We held in Marine Terminals v. Burnside Shipping Co., 394 U. S. 404, 415 (1969), that the vessel owes to the stevedore and his longshoremen employees the duty of exercising due care “under the circumstances.” This duty extends at *167least to exercising ordinary care under the circumstances to have the ship and its equipment in such condition that an expert and experienced stevedore will be able by the exercise of reasonable care to carry on its cargo operations with reasonable safety to persons and property, and to warning the stevedore of any hazards on the ship or with respect to its equipment that are known to the vessel or should be known to it in the exercise of reasonable care, that would likely be encountered by the stevedore in the course of his cargo operations and that are not known by the stevedore and would not be obvious to or anticipated by him if reasonably competent in the performance of his work. Id., at 416, n. 18. The shipowner thus has a duty with respect to the condition of the ship’s gear, equipment, tools, and work space to be used in the stevedoring operations; and if he fails at least to warn the stevedore of hidden danger which would have been known to him in the exercise of reasonable care, he has breached his duty and is liable if his negligence causes injury to a longshoreman. Petitioner concedes as much. Brief for Petitioner 20-21. It is also accepted that the vessel may be liable if it actively involves itself in the cargo operations and negligently injures a longshoreman or if it fails to exercise due care to avoid exposing longshoremen to harm from hazards they may encounter in areas, or from equipment, under the active control of the vessel during the stevedoring operation.

The parties, however, like the District Court and the Court of Appeals, are in sharp disagreement as' to the vessel’s duty under § 905 (b) once the stevedore’s cargo operations have begun. Scindia contends that the shipowner has no duty to supervise or inspect the stevedore’s cargo operations or to take reasonable care to discover dangerous conditions that develop or come to light during the loading or unloading. Scindia also submits that even if the vessel learns of the hazard, it has no duty to correct it and is entitled as a matter of law to rely on the stevedore to protect his employees from injury. This is true, Scindia argues, even though the hazard is an ob*168viously defective ship’s winch being used by the stevedore and his longshoremen employees,14 and even if the winch was defective when the stevedore came aboard and the vessel is charged with knowledge of the condition. Respondents, on the other hand, defend the view of the Court of Appeals that the vessel is subject to a continuing duty to use reasonable care to discover dangerous conditions exposing longshoremen to unreasonable risk of harm and to exercise reasonable care under the circumstances to protect them. We are unable to agree wholly with either of these submissions.

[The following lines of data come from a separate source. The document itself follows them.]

(* Let $p\in(0,1)$, let $C$ be a random symmetric $n\times n$ matrix whose entries on and above the diagonal are independent and equal to $\sqrt{(1-p)/p}$ with probability $p$ and $-\sqrt{p/(1-p)}$ with probability $1-p$. Let $M\in\mathbb{R}^{n\times n}$ be a deterministic matrix, $r_p=\sqrt{(1-p)/p}$, $E=r_p\,M\circ C$, and let $m_E$ be a median of $\|E\|_2$. Then for all $t>0$, $$P\big(|\|E\|_2-m_E|>t\big)\le4\exp\Big(-\frac{p^2}{8\|M\|_\infty^2}t^2\Big).$$ In particular, $$\mathbb{E}\big[\|E\|_2^2\big]\le m_E^2+32\frac{\|M\|_\infty^2}{p^2}+8m_E\sqrt{\frac{2\pi\|M\|_\infty^2}{p^2}}$$ and $$\mathbb{E}\big[\|E\|_2^3\big]\le4m_E^3+12\sqrt{\pi}\Big(\frac{8\|M\|_\infty^2}{p^2}\Big)^{3/2}.$$
   Context: $\circ$ is the Hadamard product; $\|M\|_\infty=\max_{ij}|M_{ij}|$; $\|\cdot\|_2$ is the spectral norm. *)

theory Defs
  imports "HOL-Probability.Probability"
begin

definition hadamard :: "real^'n^'m \<Rightarrow> real^'n^'m \<Rightarrow> real^'n^'m" where
  "hadamard A B = (\<chi> i j. A $ i $ j * B $ i $ j)"

definition spec_norm :: "real^'n^'m \<Rightarrow> real" where
  "spec_norm A = onorm (\<lambda>x. A *v x)"

definition max_abs_entry :: "real^'n^'m \<Rightarrow> real" where
  "max_abs_entry A = Max {\<bar>A $ i $ j\<bar> | i j. True}"

text \<open>Index set of the independent entries of a symmetric matrix:
  unordered pairs {i,j} (i = j allowed), i.e. the entries on and above the diagonal.\<close>
definition sym_pairs :: "'n set set" where
  "sym_pairs = {{i, j} | i j. True}"

definition sign_pmf :: "real \<Rightarrow> ('n::finite set \<Rightarrow> bool) pmf" where
  "sign_pmf p = Pi_pmf sym_pairs False (\<lambda>_. bernoulli_pmf p)"

definition C_mat :: "real \<Rightarrow> ('n::finite set \<Rightarrow> bool) \<Rightarrow> real^'n^'n" where
  "C_mat p b = (\<chi> i j. if b {i, j} then sqrt ((1 - p) / p) else - sqrt (p / (1 - p)))"

definition is_median :: "'a pmf \<Rightarrow> ('a \<Rightarrow> real) \<Rightarrow> real \<Rightarrow> bool" where
  "is_median D X m \<longleftrightarrow>
     measure_pmf.prob D {w. X w \<le> m} \<ge> 1/2 \<and> measure_pmf.prob D {w. X w \<ge> m} \<ge> 1/2"

end

theory Submission
  imports Defs
begin

text \<open>
  The matrix \<open>E\<close> is an affine function of the independent Bernoulli signs, so its spectral norm
  is a convex function of them which is Lipschitz with constant \<open>\<surd>2 \<parallel>M\<parallel>\<^sub>\<infinity> / p\<close> with respect
  to the Euclidean distance of sign patterns (every off-diagonal sign occurs twice in \<open>E\<close>).
  Talagrand's convex distance inequality \<open>P(A) \<cdot> \<integral> exp (d\<^sub>T(x, A)\<^sup>2 / 4) dP(x) \<le> 1\<close>, proved by
  induction over the coordinates of the product space, turns this into the concentration of
  \<open>\<parallel>E\<parallel>\<^sub>2\<close> around its median: take for \<open>A\<close> the set where \<open>\<parallel>E\<parallel>\<^sub>2\<close> is at most the median, resp.\
  at most the median minus \<open>t\<close>.  The moment bounds follow by integrating the sub-Gaussian tail
  against \<open>k t\<^sup>k\<^sup>-\<^sup>1\<close> and evaluating the resulting Gaussian moments.
\<close>

section \<open>Talagrand's convex distance inequality for Bernoulli product measures\<close>

inductive_set convex_closure :: "('a \<Rightarrow> real) set \<Rightarrow> ('a \<Rightarrow> real) set" for U where
  base: "s \<in> U \<Longrightarrow> s \<in> convex_closure U"
| comb: "s1 \<in> convex_closure U \<Longrightarrow> s2 \<in> convex_closure U \<Longrightarrow> 0 \<le> l \<Longrightarrow> l \<le> 1 \<Longrightarrow>
     (\<lambda>i. l * s1 i + (1 - l) * s2 i) \<in> convex_closure U"

lemma convex_closure_mono: "s \<in> convex_closure U \<Longrightarrow> U \<subseteq> U' \<Longrightarrow> s \<in> convex_closure U'"
  by (induction s rule: convex_closure.induct) (auto intro: convex_closure.intros)

lemma convex_closure_nonempty: "U \<noteq> {} \<Longrightarrow> convex_closure U \<noteq> {}"
  using convex_closure.base by blast

text \<open>Points of \<open>{0,1}\<^sup>I\<close> are encoded as predicates that are \<open>False\<close> outside \<open>I\<close>.\<close>

definition bool_funs :: "'i set \<Rightarrow> ('i \<Rightarrow> bool) set" where
  "bool_funs I = (\<lambda>X i. i \<in> X) ` Pow I"

lemma bool_funs_iff: "x \<in> bool_funs I \<longleftrightarrow> (\<forall>i. i \<notin> I \<longrightarrow> \<not> x i)"
proof
  assume "x \<in> bool_funs I" then show "\<forall>i. i \<notin> I \<longrightarrow> \<not> x i" unfolding bool_funs_def by auto
next
  assume "\<forall>i. i \<notin> I \<longrightarrow> \<not> x i"
  then have "{i. x i} \<in> Pow I" by auto
  moreover have "x = (\<lambda>i. i \<in> {i. x i})" by auto
  ultimately show "x \<in> bool_funs I" unfolding bool_funs_def by blast
qed

lemma finite_bool_funs: "finite I \<Longrightarrow> finite (bool_funs I)"
  unfolding bool_funs_def by simp

lemma bool_funs_empty: "bool_funs {} = {\<lambda>_. False}"
  by (auto simp: bool_funs_iff)

lemma sum_bool_funs_insert:
  assumes "a \<notin> I" "finite I"
  shows "(\<Sum>x\<in>bool_funs (insert a I). h x)
           = (\<Sum>z\<in>bool_funs I. h (z(a:=True))) + (\<Sum>z\<in>bool_funs I. h (z(a:=False)))"
proof -
  have split: "bool_funs (insert a I)
      = (\<lambda>z. z(a:=True)) ` bool_funs I \<union> (\<lambda>z. z(a:=False)) ` bool_funs I"
  proof (intro equalityI subsetI)
    fix x assume x: "x \<in> bool_funs (insert a I)"
    have z: "x(a:=False) \<in> bool_funs I" using x by (auto simp: bool_funs_iff)
    have "x = (x(a:=False))(a := x a)" by simp
    then have "x \<in> (\<lambda>z. z(a := x a)) ` bool_funs I" using z by (rule image_eqI)
    then show "x \<in> (\<lambda>z. z(a:=True)) ` bool_funs I \<union> (\<lambda>z. z(a:=False)) ` bool_funs I"
      by (cases "x a") simp_all
  qed (auto simp: bool_funs_iff)
  have inj: "inj_on (\<lambda>z. z(a:=w)) (bool_funs I)" for w
  proof (rule inj_onI, rule ext)
    fix z z' i assume "z \<in> bool_funs I" "z' \<in> bool_funs I" "z(a:=w) = z'(a:=w)"
    then show "z i = z' i"
      using assms(1) by (cases "i = a") (auto simp: bool_funs_iff dest: fun_cong[where x = i])
  qed
  have disj: "(\<lambda>z. z(a:=True)) ` bool_funs I \<inter> (\<lambda>z. z(a:=False)) ` bool_funs I = {}"
    by (auto dest: fun_cong[where x = a])
  show ?thesis
    unfolding split
    by (subst sum.union_disjoint)
       (use assms finite_bool_funs disj in \<open>auto simp: sum.reindex[OF inj]\<close>)
qed

definition prod_weight :: "(bool \<Rightarrow> real) \<Rightarrow> 'i set \<Rightarrow> ('i \<Rightarrow> bool) \<Rightarrow> real" where
  "prod_weight q I x = (\<Prod>i\<in>I. q (x i))"

definition wprob :: "(bool \<Rightarrow> real) \<Rightarrow> 'i set \<Rightarrow> ('i \<Rightarrow> bool) set \<Rightarrow> real" where
  "wprob q I A = (\<Sum>x\<in>bool_funs I \<inter> A. prod_weight q I x)"

lemma prod_weight_upd:
  "a \<notin> I \<Longrightarrow> finite I \<Longrightarrow> prod_weight q (insert a I) (z(a:=w)) = q w * prod_weight q I z"
  unfolding prod_weight_def by (auto intro!: prod.cong)

lemma prod_weight_nonneg: "\<forall>b. 0 \<le> q b \<Longrightarrow> 0 \<le> prod_weight q I x"
  unfolding prod_weight_def by (simp add: prod_nonneg)

lemma wprob_eq_sum_if:
  "finite I \<Longrightarrow> wprob q I A = (\<Sum>x\<in>bool_funs I. if x \<in> A then prod_weight q I x else 0)"
  unfolding wprob_def by (simp add: sum.inter_restrict finite_bool_funs)

lemma wprob_insert:
  assumes "a \<notin> I" "finite I"
  shows "wprob q (insert a I) A
           = q True * wprob q I {z. z(a:=True) \<in> A} + q False * wprob q I {z. z(a:=False) \<in> A}"
proof -
  have fibre: "(if z(a:=w) \<in> A then prod_weight q (insert a I) (z(a:=w)) else 0)
      = q w * (if z \<in> {z. z(a:=w) \<in> A} then prod_weight q I z else 0)" for w z
    using assms by (simp add: prod_weight_upd)
  have "wprob q (insert a I) A
      = (\<Sum>x\<in>bool_funs (insert a I). if x \<in> A then prod_weight q (insert a I) x else 0)"
    using assms by (simp add: wprob_eq_sum_if)
  also have "\<dots> = q True * wprob q I {z. z(a:=True) \<in> A} + q False * wprob q I {z. z(a:=False) \<in> A}"
    unfolding sum_bool_funs_insert[OF assms] fibre using assms
    by (simp only: wprob_eq_sum_if sum_distrib_left)
  finally show ?thesis .
qed

lemma wprob_mono: "\<forall>b. 0 \<le> q b \<Longrightarrow> finite I \<Longrightarrow> A \<subseteq> B \<Longrightarrow> wprob q I A \<le> wprob q I B"
  unfolding wprob_def by (intro sum_mono2) (auto simp: finite_bool_funs prod_weight_nonneg)
theorem lemma2p2:
  fixes \<alpha> :: real and \<phi> :: "real \<Rightarrow> real" and \<Omega> :: "'a::euclidean_space set"
  assumes "DIM('a) \<ge> 2"
    and "- real DIM('a) < \<alpha>" and "\<alpha> < 0"
    and "young_function \<phi>"
    and "open \<Omega>" and "connected \<Omega>" and "\<Omega> \<noteq> {}"
  shows "Besov \<alpha> \<phi> \<Omega> \<subseteq> Bdot \<alpha> \<phi> \<Omega> \<and> Bdot \<alpha> \<phi> \<Omega> \<subseteq> L1_loc \<Omega>"
proof
  show "Besov \<alpha> \<phi> \<Omega> \<subseteq> Bdot \<alpha> \<phi> \<Omega>" by (simp add: Besov_def)
  show "Bdot \<alpha> \<phi> \<Omega> \<subseteq> L1_loc \<Omega>"
  proof
    fix u assume "u \<in> Bdot \<alpha> \<phi> \<Omega>"
    then obtain t where "0 < t" "meas_on \<Omega> u" and "besov_modular \<alpha> \<phi> \<Omega> u t \<le> 1"
      by (auto simp: Bdot_def)
    then have "(\<integral>\<^sup>+ x\<in>\<Omega>. besov_modular_at \<alpha> \<phi> \<Omega> u t x \<partial>lebesgue) < \<infinity>"
      by (simp add: besov_modular_eq_integral_at le_less_trans)
    note finite_off_point = nn_set_integral_less_top_imp_finite_off_point[OF \<open>open \<Omega>\<close> \<open>\<Omega> \<noteq> {}\<close> this]
    obtain x0 where "besov_modular_at \<alpha> \<phi> \<Omega> u t x0 < \<infinity>"
      using finite_off_point by blast
    moreover obtain x1 where "x1 \<noteq> x0" "besov_modular_at \<alpha> \<phi> \<Omega> u t x1 < \<infinity>"
      using finite_off_point[of x0] by blast
    ultimately show "u \<in> L1_loc \<Omega>"
      using assms \<open>0 < t\<close> \<open>meas_on \<Omega> u\<close>
      by (intro L1_loc_if_finite_modular_at_two_points) (auto simp: borel_open)
  qed
qed

end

Considering first the position of the Court of Appeals, we cannot agree that the vessel’s duty to the longshoreman requires the shipowner to inspect or supervise the stevedoring operation. Congress intended to make the vessel answerable for its own negligence and to terminate its automatic, faultless responsibility for conditions caused by the negligence or other defaults of the stevedore. Cases holding the vessel liable on the ground that it owed nondelegable duties to protect the longshoremen from injury were rejected.15 It would *169be inconsistent with the Act to hold, nevertheless, that the shipowner has a continuing duty to take reasonable steps to discover and correct dangerous conditions that develop during the loading or unloading process. Such an approach would repeatedly result in holding the shipowner solely liable for conditions that are attributable to the stevedore, rather than the ship. True, the liability would be cast in terms of negligence rather than unseaworthiness, but the result would be much the same. “[C]reation of a shipowner’s duty to oversee the stevedore’s activity and insure the safety of longshoremen would . . . saddle the shipowner with precisely the sort of nondelegable duty that Congress sought to eliminate by amending section 905 (b).” Hurst v. Triad Shipping Co., 554 F. 2d 1237, 1249-1250, n. 35 (CA3 1977); Evans v. S.S. “Campeche,” 639 F. 2d 848, 856 (CA2 1981).16

*170As a general matter, the shipowner may rely on the stevedore to avoid exposing the longshoremen to unreasonable hazards. Section 41 of the Act, 33 U. S. C. § 941, requires the stevedore, the longshoremen’s employer, to provide a “reasonably safe” place to work and to take such safeguards with respect to equipment and working conditions as the Secretary of Labor may determine to be necessary to avoid injury to longshoremen.17 The ship is not the common employer of the longshoremen 18 and owes no such statutory duty to them. Furthermore, as our cases indicate, the stevedore normally warrants to discharge his duties in a workmanlike manner; and although the 1972 Amendments relieved the stevedore of his duty to indemnify the shipowner for damages paid to longshoremen for injuries caused by the stevedore’s breach of warranty, they did not otherwise disturb the contractual undertaking of the stevedore nor the rightful expectation of the vessel that the stevedore would perform his task properly without supervision by the ship.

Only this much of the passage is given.